Símbolo da beleza, da liberdade e de um elo silencioso entre o humano e o divino, ele acompanha o navio do Velho Marinheiro até o instante em que, num gesto impensado, é morto — inaugurando uma jornada de culpa, estagnação e sofrimento.
Em O Canto do Albatroz, Cláudio Gonçalves dos Santos convida o leitor a revisitar A Balada do Velho Marinheiro, de Samuel Coleridge (1772-1834), como quem retorna ao oceano de sua própria interioridade.
Entre poesia, filosofia, psicanálise e espiritualidade, o livro explora o mistério das ações humanas, o impulso destrutivo que age sem razão, o peso da consciência e a lenta possibilidade de redenção.
Mais do que uma leitura crítica, esta obra propõe uma experiência contemplativa.

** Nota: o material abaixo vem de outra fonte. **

lemma zero_angles_approach_Second_irrational:
  assumes "0 < \<theta>" "\<theta> < pi" "\<theta> / pi \<notin> \<rat>"
  shows "zero_angles_approach Second \<theta>"
  unfolding zero_angles_approach_def
proof (intro allI impI)
  fix \<epsilon> :: real and M :: nat
  assume "\<epsilon> > 0"
  define \<alpha> where "\<alpha> = \<theta> / pi"
  have \<alpha>: "0 < \<alpha>" "\<alpha> < 1" using assms by (simp_all add: \<alpha>_def)
  define \<eta> where "\<eta> = min (\<epsilon> / pi) (min \<alpha> (1 - \<alpha>))"
  have "\<eta> > 0" using \<alpha> \<open>\<epsilon> > 0\<close> by (simp add: \<eta>_def)
  then obtain N h where "N \<ge> Suc M" and h: "\<bar>real N * \<alpha> - of_int h\<bar> < \<eta>"
    using exists_large_multiple_near[of \<alpha> \<eta> "Suc M" 0] assms by (auto simp: \<alpha>_def)
  have "(real N - 1) * (1 - \<alpha>) \<ge> 0" "(real N - 1) * \<alpha> \<ge> 0"
    using \<alpha> \<open>N \<ge> Suc M\<close> by simp_all
  then have "\<alpha> \<le> real N * \<alpha>" "real N * \<alpha> \<le> real N - (1 - \<alpha>)"
    by (simp_all add: algebra_simps)
  then have "0 < h" "h < int N"
    using h by (auto simp: \<eta>_def)
  define n j where "n = N - 1" and "j = nat h"
  have N: "real N = real n + 1" using \<open>N \<ge> Suc M\<close> by (simp add: n_def)
  have "1 \<le> j" "j \<le> n"
    using \<open>0 < h\<close> \<open>h < int N\<close> by (simp_all add: j_def n_def)
  moreover have "real n * \<bar>cheb_zero_angle Second n j - \<theta>\<bar> < \<epsilon>"
  proof -
    have "real N * (cheb_zero_angle Second n j - \<theta>) = pi * (of_int h - real N * \<alpha>)"
      using \<open>0 < h\<close> N by (simp add: j_def \<alpha>_def field_simps)
    then have "real N * \<bar>cheb_zero_angle Second n j - \<theta>\<bar> = pi * \<bar>real N * \<alpha> - of_int h\<bar>"
      by (metis abs_minus_commute abs_mult abs_of_nat abs_of_pos pi_gt_zero)
    also have "\<dots> < pi * (\<epsilon> / pi)"
      using h by (intro mult_strict_left_mono) (auto simp: \<eta>_def)
    finally show ?thesis
      using N mult_right_mono[of "real n" "real N" "\<bar>cheb_zero_angle Second n j - \<theta>\<bar>"] by simp
  qed
  ultimately show "\<exists>n\<ge>M. \<exists>j\<ge>1. j \<le> n \<and> real n * \<bar>cheb_zero_angle Second n j - \<theta>\<bar> < \<epsilon>"
    using \<open>N \<ge> Suc M\<close> by (intro exI[of _ n]) (auto simp: n_def)
qed

lemma cheb_zero_angle_Second_eq_rational:
  assumes "0 < s" "s < k"
  shows "\<exists>n\<ge>M. \<exists>j. 1 \<le> j \<and> j \<le> n \<and> cheb_zero_angle Second n j = real s * pi / real k"
proof -
  define n j where "n = k * Suc M - 1" and "j = s * Suc M"
  have n: "real n + 1 = real k * real (Suc M)"
    using assms by (simp add: n_def of_nat_diff algebra_simps)
  have "cheb_zero_angle Second n j = real j * pi / (real n + 1)"
    by simp
  also have "\<dots> = (real s * pi) * real (Suc M) / (real k * real (Suc M))"
    unfolding n j_def of_nat_mult by (simp only: mult_ac)
  also have "\<dots> = real s * pi / real k"
    by (rule mult_divide_mult_cancel_right) simp
  finally have "cheb_zero_angle Second n j = real s * pi / real k" .
  moreover have "M \<le> n" "1 \<le> j" "j \<le> n"
    using assms mult_le_mono1[of "Suc s" k "Suc M"] by (auto simp: n_def j_def)
  ultimately show ?thesis by blast
qed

O mar surge como metáfora da existência; o albatroz, como sinal de uma beleza que não pode ser possuída nem dominada; e o relato do marinheiro, como a necessidade humana de narrar a própria queda para reencontrar sentido.
Um livro sobre o mal que nasce da falta de pensamento, sobre o amor que não se deixa controlar e sobre a travessia interior que transforma culpa em consciência — e silêncio em palavra poética.